**THE TASK**
Search the records below for the line containing "(simp add: spow_nonpos)". Write out that line and every line after it exactly as written.

**DATA EXCERPTS**

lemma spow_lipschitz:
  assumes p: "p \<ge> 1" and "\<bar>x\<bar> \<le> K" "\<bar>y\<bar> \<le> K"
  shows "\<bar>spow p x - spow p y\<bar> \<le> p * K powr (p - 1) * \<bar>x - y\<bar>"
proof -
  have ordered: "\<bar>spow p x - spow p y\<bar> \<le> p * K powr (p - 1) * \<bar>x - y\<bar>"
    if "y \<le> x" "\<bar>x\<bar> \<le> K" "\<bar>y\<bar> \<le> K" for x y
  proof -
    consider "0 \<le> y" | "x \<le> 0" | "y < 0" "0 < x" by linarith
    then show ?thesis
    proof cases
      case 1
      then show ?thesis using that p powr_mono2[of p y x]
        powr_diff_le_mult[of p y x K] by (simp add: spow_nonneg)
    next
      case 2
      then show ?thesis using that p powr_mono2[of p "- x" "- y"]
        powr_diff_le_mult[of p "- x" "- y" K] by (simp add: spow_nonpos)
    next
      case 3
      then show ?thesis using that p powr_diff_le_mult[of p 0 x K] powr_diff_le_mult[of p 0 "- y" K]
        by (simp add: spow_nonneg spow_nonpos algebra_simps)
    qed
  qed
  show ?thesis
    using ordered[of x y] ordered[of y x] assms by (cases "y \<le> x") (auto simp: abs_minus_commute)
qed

**ANSWER BOX**
        powr_diff_le_mult[of p "- x" "- y" K] by (simp add: spow_nonpos)
    next
      case 3
      then show ?thesis using that p powr_diff_le_mult[of p 0 x K] powr_diff_le_mult[of p 0 "- y" K]
        by (simp add: spow_nonneg spow_nonpos algebra_simps)
    qed
  qed
  show ?thesis
    using ordered[of x y] ordered[of y x] assms by (cases "y \<le> x") (auto simp: abs_minus_commute)
qed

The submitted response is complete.